▸ **Task directions**: Take the entries below and print, exactly, the stretch from the line containing "define x where" through the line containing "by (metis ax p v mult.assoc)", both included.
[Start of section]
(* Let $R$ be a ring with unity and involution $*$, and let $a\in R$. The following statements are equivalent. (1) $a$ is Moore-Penrose invertible. (2) $a^*a$ is strongly left $(a^*,a)$-invertible. (3) $aa^*$ is strongly left $(a,a^* )$-invertible.
   Context: $a$ is Moore-Penrose invertible if there exists $x\in R$ with $axa=a$, $xax=x$, $(ax)^*=ax$, $(xa)^*=xa$. For $u,b,c\in R$, $u$ is strongly left $(b,c)$-invertible if $b\in Rcub$ and $cub$ is regular (there exists $z$ with $cub\,z\,cub=cub$). *)

theory Defs
  imports Main
begin

class ring_inv = ring_1 +
  fixes inv_star :: "'a \<Rightarrow> 'a"  ("_\<^sup>\<star>" [1000] 999)
  assumes star_add: "(x + y)\<^sup>\<star> = x\<^sup>\<star> + y\<^sup>\<star>"
    and star_mult: "(x * y)\<^sup>\<star> = y\<^sup>\<star> * x\<^sup>\<star>"
    and star_star: "(x\<^sup>\<star>)\<^sup>\<star> = x"

definition MP_invertible :: "'a::ring_inv \<Rightarrow> bool" where
  "MP_invertible a \<longleftrightarrow> (\<exists>x. a * x * a = a \<and> x * a * x = x \<and>
      (a * x)\<^sup>\<star> = a * x \<and> (x * a)\<^sup>\<star> = x * a)"

definition regular :: "'a::ring_1 \<Rightarrow> bool" where
  "regular a \<longleftrightarrow> (\<exists>z. a * z * a = a)"

definition strongly_left_invertible :: "'a::ring_1 \<Rightarrow> 'a \<Rightarrow> 'a \<Rightarrow> bool" where
  "strongly_left_invertible u b c \<longleftrightarrow> (\<exists>r. b = r * (c * u * b)) \<and> regular (c * u * b)"

end

theory Submission
  imports Defs
begin

text \<open>Both conditions reduce to the classical criterion: \<open>a\<close> is Moore-Penrose invertible
  iff \<open>a \<in> a a\<^sup>\<star> R \<inter> R a\<^sup>\<star> a\<close>, and then \<open>a\<^sup>\<dagger> = u\<^sup>\<star> a v\<^sup>\<star>\<close> for \<open>a = a a\<^sup>\<star> u = v a\<^sup>\<star> a\<close>.
  Taking involutions, \<open>a\<^sup>\<star> = r (a a\<^sup>\<star>)\<^sup>2\<close> says \<open>a \<in> (a a\<^sup>\<star>)\<^sup>2 R \<subseteq> a a\<^sup>\<star> a R\<close>, and
  \<open>a \<in> a a\<^sup>\<star> a R\<close> already forces \<open>a \<in> R a\<^sup>\<star> a\<close>.  Conversely the two factorizations give
  \<open>a a\<^sup>\<star> \<in> (a a\<^sup>\<star>)\<^sup>2 R \<inter> R (a a\<^sup>\<star>)\<^sup>2\<close>, which yields both the required factorization of \<open>a\<^sup>\<star>\<close>
  and the regularity of \<open>(a a\<^sup>\<star>)\<^sup>2\<close>.  Statement (3) is statement (2) for \<open>a\<^sup>\<star>\<close>.\<close>

lemma star_eq_iff_eq_star:
  fixes x y :: "'a::ring_inv"
  shows "x\<^sup>\<star> = y \<longleftrightarrow> x = y\<^sup>\<star>"
  by (metis star_star)

lemma right_factorization_star_iff:
  fixes a u :: "'a::ring_inv"
  shows "a = a * a\<^sup>\<star> * u \<longleftrightarrow> a\<^sup>\<star> = u\<^sup>\<star> * a * a\<^sup>\<star>"
  by (simp add: star_eq_iff_eq_star star_mult star_star mult.assoc)

lemma left_factorization_star_iff:
  fixes a v :: "'a::ring_inv"
  shows "a = v * a\<^sup>\<star> * a \<longleftrightarrow> a\<^sup>\<star> = a\<^sup>\<star> * a * v\<^sup>\<star>"
  by (simp add: star_eq_iff_eq_star star_mult star_star mult.assoc)

lemma regular_square_if_factorizations:
  fixes b :: "'a::ring_1"
  assumes "b = b * b * s" and "b = t * b * b"
  shows "regular (b * b)"
proof -
  have "b * b * (s * t) * (b * b) = (b * b * s) * (t * b * b)"
    by (simp add: mult.assoc)
  also have "\<dots> = b * b"
    using assms by simp
  finally show ?thesis
    unfolding regular_def by blast
qed

lemma MP_invertible_if_factorizations:
  fixes a :: "'a::ring_inv"
  assumes u: "a = a * a\<^sup>\<star> * u" and v: "a = v * a\<^sup>\<star> * a"
  shows "MP_invertible a"
proof -
  have u': "a\<^sup>\<star> = u\<^sup>\<star> * a * a\<^sup>\<star>"
    using u by (rule right_factorization_star_iff[THEN iffD1])
  have v': "a\<^sup>\<star> = a\<^sup>\<star> * a * v\<^sup>\<star>"
    using v by (rule left_factorization_star_iff[THEN iffD1])
  define x where "x = u\<^sup>\<star> * a * v\<^sup>\<star>"
  have p: "v * a\<^sup>\<star> = a * v\<^sup>\<star>"
    by (subst v') (metis v mult.assoc)
  have q: "a\<^sup>\<star> * u = u\<^sup>\<star> * a"
    by (subst u') (metis u mult.assoc)
  have ax: "a * x = a * v\<^sup>\<star>"
    unfolding x_def by (metis q u mult.assoc)
  have xa: "x * a = u\<^sup>\<star> * a"
    unfolding x_def by (metis p v mult.assoc)
  have "a * x * a = a"
    by (metis ax p v mult.assoc)
  moreover have "x * a * x = x"
  proof -
    have "x * a * x = u\<^sup>\<star> * a * (u\<^sup>\<star> * a * v\<^sup>\<star>)"
      unfolding xa by (simp add: x_def)
    also have "\<dots> = x"
      unfolding x_def by (metis q u mult.assoc)
    finally show ?thesis .
  qed
  moreover have "(a * x)\<^sup>\<star> = a * x"
    unfolding ax by (metis p star_mult star_star)
  moreover have "(x * a)\<^sup>\<star> = x * a"
    unfolding xa by (metis q star_mult star_star)
  ultimately show ?thesis
    unfolding MP_invertible_def by blast
qed

lemma MP_invertible_iff_factorizations:
  fixes a :: "'a::ring_inv"
  shows "MP_invertible a \<longleftrightarrow> (\<exists>u. a = a * a\<^sup>\<star> * u) \<and> (\<exists>v. a = v * a\<^sup>\<star> * a)"
proof
  assume "MP_invertible a"
  then obtain x where "a * x * a = a" "(a * x)\<^sup>\<star> = a * x" "(x * a)\<^sup>\<star> = x * a"
    unfolding MP_invertible_def by blast
  then have "a = a * a\<^sup>\<star> * x\<^sup>\<star>" and "a = x\<^sup>\<star> * a\<^sup>\<star> * a"
    by (metis star_mult mult.assoc)+
  then show "(\<exists>u. a = a * a\<^sup>\<star> * u) \<and> (\<exists>v. a = v * a\<^sup>\<star> * a)"
    by blast
qed (blast intro: MP_invertible_if_factorizations)

lemma MP_invertible_star:
  fixes a :: "'a::ring_inv"
  assumes "MP_invertible a"
  shows "MP_invertible (a\<^sup>\<star>)"
proof -
  obtain u v where "a = a * a\<^sup>\<star> * u" and "a = v * a\<^sup>\<star> * a"
    using assms unfolding MP_invertible_iff_factorizations by blast
  then have "a\<^sup>\<star> = a\<^sup>\<star> * (a\<^sup>\<star>)\<^sup>\<star> * v\<^sup>\<star>" and "a\<^sup>\<star> = u\<^sup>\<star> * (a\<^sup>\<star>)\<^sup>\<star> * a\<^sup>\<star>"
    by (simp_all only: left_factorization_star_iff right_factorization_star_iff star_star)
  then show ?thesis
    by (rule MP_invertible_if_factorizations)
qed

lemma MP_invertible_star_iff:
  fixes a :: "'a::ring_inv"
  shows "MP_invertible (a\<^sup>\<star>) \<longleftrightarrow> MP_invertible a"
  using MP_invertible_star[of a] MP_invertible_star[of "a\<^sup>\<star>"] unfolding star_star by blast

lemma left_factorization_if_right:
  fixes a :: "'a::ring_inv"
  assumes t: "a = a * a\<^sup>\<star> * a * t"
  shows "a = a * t\<^sup>\<star> * a\<^sup>\<star> * a"
proof -
  define q where "q = a\<^sup>\<star> * a * t"
  have "a\<^sup>\<star> = t\<^sup>\<star> * a\<^sup>\<star> * a * a\<^sup>\<star>"
    using t by (simp add: star_eq_iff_eq_star star_mult star_star mult.assoc)
  then have "q = t\<^sup>\<star> * a\<^sup>\<star> * a * a\<^sup>\<star> * a * t"
    unfolding q_def by (metis mult.assoc)
  then have "q\<^sup>\<star> = q"
    by (simp add: star_mult star_star mult.assoc)
  moreover have "a = a * q"
    unfolding q_def using t by (simp add: mult.assoc)
  ultimately have "a = a * q\<^sup>\<star>"
    by simp
  then show ?thesis
    unfolding q_def by (simp add: star_mult star_star mult.assoc)
qed

lemma MP_invertible_iff_strongly_left_invertible:
  fixes a :: "'a::ring_inv"
  shows "MP_invertible a \<longleftrightarrow> strongly_left_invertible (a\<^sup>\<star> * a) (a\<^sup>\<star>) a"
proof
  assume "MP_invertible a"
  then obtain u v where u: "a = a * a\<^sup>\<star> * u" and v: "a = v * a\<^sup>\<star> * a"
    unfolding MP_invertible_iff_factorizations by blast
  have u': "a\<^sup>\<star> = u\<^sup>\<star> * a * a\<^sup>\<star>"
    using u by (rule right_factorization_star_iff[THEN iffD1])
  have v': "a\<^sup>\<star> = a\<^sup>\<star> * a * v\<^sup>\<star>"
    using v by (rule left_factorization_star_iff[THEN iffD1])
  define b where "b = a * a\<^sup>\<star>"
  have right: "b = b * b * (u * v\<^sup>\<star>)"
    unfolding b_def by (metis u v' mult.assoc)
  have left: "b = (v * u\<^sup>\<star>) * b * b"
    unfolding b_def by (metis u' v mult.assoc)
  have "a\<^sup>\<star> = (u\<^sup>\<star> * v * u\<^sup>\<star>) * (a * (a\<^sup>\<star> * a) * a\<^sup>\<star>)"
    by (metis u' left b_def mult.assoc)
  moreover have "regular (a * (a\<^sup>\<star> * a) * a\<^sup>\<star>)"
    using regular_square_if_factorizations[OF right left] by (simp add: b_def mult.assoc)
  ultimately show "strongly_left_invertible (a\<^sup>\<star> * a) (a\<^sup>\<star>) a"
    unfolding strongly_left_invertible_def by blast
next
  assume "strongly_left_invertible (a\<^sup>\<star> * a) (a\<^sup>\<star>) a"
  then obtain r where "a\<^sup>\<star> = r * (a * (a\<^sup>\<star> * a) * a\<^sup>\<star>)"
    unfolding strongly_left_invertible_def by blast
  then have t: "a = a * a\<^sup>\<star> * a * (a\<^sup>\<star> * r\<^sup>\<star>)"
    by (simp add: star_eq_iff_eq_star star_mult star_star mult.assoc)
  show "MP_invertible a"
  proof (rule MP_invertible_if_factorizations)
    show "a = a * a\<^sup>\<star> * (a * (a\<^sup>\<star> * r\<^sup>\<star>))"
      using t by (simp add: mult.assoc)
    show "a = (a * (a\<^sup>\<star> * r\<^sup>\<star>)\<^sup>\<star>) * a\<^sup>\<star> * a"
      using left_factorization_if_right[OF t] by (simp add: mult.assoc)
  qed
qed

theorem corollary3p14:
  fixes a :: "'a::ring_inv"
  shows "(MP_invertible a \<longleftrightarrow> strongly_left_invertible (a\<^sup>\<star> * a) (a\<^sup>\<star>) a)
       \<and> (MP_invertible a \<longleftrightarrow> strongly_left_invertible (a * a\<^sup>\<star>) a (a\<^sup>\<star>))"
  using MP_invertible_iff_strongly_left_invertible[of a]
    MP_invertible_iff_strongly_left_invertible[of "a\<^sup>\<star>"]
  by (simp add: MP_invertible_star_iff star_star)

end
[End of section]
▸ **Expected output**:
  define x where "x = u\<^sup>\<star> * a * v\<^sup>\<star>"
  have p: "v * a\<^sup>\<star> = a * v\<^sup>\<star>"
    by (subst v') (metis v mult.assoc)
  have q: "a\<^sup>\<star> * u = u\<^sup>\<star> * a"
    by (subst u') (metis u mult.assoc)
  have ax: "a * x = a * v\<^sup>\<star>"
    unfolding x_def by (metis q u mult.assoc)
  have xa: "x * a = u\<^sup>\<star> * a"
    unfolding x_def by (metis p v mult.assoc)
  have "a * x * a = a"
    by (metis ax p v mult.assoc)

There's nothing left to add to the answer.